Further, I've also written a client tester/simulator specifically for this case, to simulate networks of (arbitrary) clients and test various aspects of them in a client-independent and even tester-independent way. The tester is called hive and already has two DAO hard-fork tests covering extra-data rules and mid-fork P2P network splits.

Member

karalabe commented Jul 11, 2016

@julian1 Yes, it would be better to have generic selectivity. There are plans already to extend the discovery protocol (these are very old plans, no idea when they'll get implemented) + a nicer solutions would be to modify the eth protocol's handshake to include these sanity checks. The reason for this quick hack is because we don't have time to do a P2P upgrade. In its current form it is fully eth compliant to a later protocol extension would still play nicely with older peers not updating.

No, a node operator shouldn't be able to relay transactions for both networks. Sooner or later those will not be compatible (i.e. non-executable transactions), which would just burden each others' networks.

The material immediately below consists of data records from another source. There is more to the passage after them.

(* Let $n\in\mathbb N^\star$ be even, $\alpha\in(0,22/35]$, $M$ a probability distribution on $\mathbb N^\star$, $\mu$ a probability distribution on $[-1,1]$ with mean $\theta$, and $\tilde m\in\mathbb N^\star$. Let $\tau=\sqrt{2\log\big(8(\sqrt{\tilde m n\alpha^2}\vee1)\big)/\tilde m}$, $J=\lceil 1/\tau\rceil$, and let $I_1,\dots,I_J$ be the consecutive non-overlapping bins of width $2\tau$ partitioning $[-1,1]$ ($I_j=[-1+2(j-1)\tau,\,-1+2j\tau)\cap[-1,1]$ for $j<J$ and $I_J=[-1+2(J-1)\tau,1]$); set $I_0=I_{J+1}=\emptyset$, and let $l$ be the index with $\theta\in I_l$. For users $u=1,\dots,n/2$, let $(m_u,X^{(u)})$ be i.i.d., with $m_u\sim M$ and, given $m_u=i$, $X^{(u)}=(X^{(u)}_1,\dots,X^{(u)}_i)\sim\mu^{\otimes i}$; let $\bar X^{(u)}=\frac1{m_u}\sum_{t=1}^{m_u}X^{(u)}_t$. For $j\in[J]$ set $V^{(u)}_j=\mathbb 1\{\bar X^{(u)}\in I_{j-1}\cup I_j\cup I_{j+1}\}$ if $m_u\ge\tilde m$, and $V^{(u)}_j=0$ otherwise. Let $\tilde V^{(u)}_j$ equal $V^{(u)}_j$ with probability $e^{\alpha/6}/(1+e^{\alpha/6})$ and $1-V^{(u)}_j$ otherwise, independently over $u,j$ and of the data. Let $\hat j$ be any maximizer over $j\in[J]$ of $\sum_{u=1}^{n/2}\tilde V^{(u)}_j$, and let $\mathcal A=\{|\hat j-l|\le2\}$. Then $$\mathbb P(\overline{\mathcal A})\le\frac1\tau\exp\!\Big(-n\alpha^2\,\mathbb P_{m\sim M}(m\ge\tilde m)^2/579\Big).$$
   Context: This is the localisation phase of the paper's distribution-aware mean estimation algorithm; all objects are defined in the claim. $a\vee b=\max(a,b)$; $\overline{\mathcal A}$ is the complement of $\mathcal A$. *)

theory Defs
  imports "HOL-Probability.Probability"
begin

text \<open>Users are indexed by u in {1..n div 2}; the
  sample space carries (i) the sample sizes m_u, (ii) an i.i.d. array of
  samples X(u,t) from mu (only t in {1..m_u} is used), (iii) the
  randomised-response coins B(u,j) for j in {1..J}.\<close>

definition loc_tau :: "nat \<Rightarrow> nat \<Rightarrow> real \<Rightarrow> real" where
  "loc_tau mt n \<alpha> =
     sqrt (2 * ln (8 * max (sqrt (real mt * real n * \<alpha>\<^sup>2)) 1) / real mt)"

definition loc_J :: "real \<Rightarrow> nat" where
  "loc_J \<tau> = nat \<lceil>1 / \<tau>\<rceil>"

definition bin :: "real \<Rightarrow> nat \<Rightarrow> real set" where
  "bin \<tau> j =
     (if 1 \<le> j \<and> j < loc_J \<tau> then
        {x. -1 + 2 * (real j - 1) * \<tau> \<le> x \<and> x < -1 + 2 * real j * \<tau>} \<inter> {-1..1}
      else if j = loc_J \<tau> then {-1 + 2 * (real j - 1) * \<tau> .. 1}
      else {})"

definition rr_prob :: "real \<Rightarrow> real" where
  "rr_prob \<alpha> = exp (\<alpha> / 6) / (1 + exp (\<alpha> / 6))"

type_synonym loc_omega = "(nat \<Rightarrow> nat) \<times> ((nat \<times> nat) \<Rightarrow> real) \<times> ((nat \<times> nat) \<Rightarrow> bool)"

definition loc_space ::
  "nat pmf \<Rightarrow> real measure \<Rightarrow> nat \<Rightarrow> nat \<Rightarrow> real \<Rightarrow> loc_omega measure" where
  "loc_space M \<mu> n J p =
     PiM {1..n div 2} (\<lambda>_. measure_pmf M)
     \<Otimes>\<^sub>M (PiM ({1..n div 2} \<times> UNIV) (\<lambda>_. \<mu>)
     \<Otimes>\<^sub>M PiM ({1..n div 2} \<times> {1..J}) (\<lambda>_. measure_pmf (bernoulli_pmf p)))"

definition m_of :: "loc_omega \<Rightarrow> nat \<Rightarrow> nat" where
  "m_of \<omega> u = fst \<omega> u"

definition X_of :: "loc_omega \<Rightarrow> nat \<Rightarrow> nat \<Rightarrow> real" where
  "X_of \<omega> u t = fst (snd \<omega>) (u, t)"

definition B_of :: "loc_omega \<Rightarrow> nat \<Rightarrow> nat \<Rightarrow> bool" where
  "B_of \<omega> u j = snd (snd \<omega>) (u, j)"

definition Xbar :: "loc_omega \<Rightarrow> nat \<Rightarrow> real" where
  "Xbar \<omega> u = (\<Sum>t = 1..m_of \<omega> u. X_of \<omega> u t) / real (m_of \<omega> u)"

definition V :: "real \<Rightarrow> nat \<Rightarrow> loc_omega \<Rightarrow> nat \<Rightarrow> nat \<Rightarrow> real" where
  "V \<tau> mt \<omega> u j =
     (if m_of \<omega> u \<ge> mt
      then indicator (bin \<tau> (j - 1) \<union> bin \<tau> j \<union> bin \<tau> (j + 1)) (Xbar \<omega> u)
      else 0)"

Is there a particular reason it's desirable?

@julian1 @whatisgravity We always have in mind that clients might lie. In this particular case, a client may lie, will get connected, but at a consensus level will not be able to feed junk because of the header extra-data section validations. Think of this check similar to CORS: the idea is to prevent nodes en-mass to make cross-network connections, causing strange anomalies. You can of course do that with your particular node(s), but as long as the majority plays nice, a few bad apples can't cause too big issues.

The geth is the primary client, you should not be making it so specific, you should be making it generic as possible. Making it easier to work with private networks so proper testing is easier to accomplish.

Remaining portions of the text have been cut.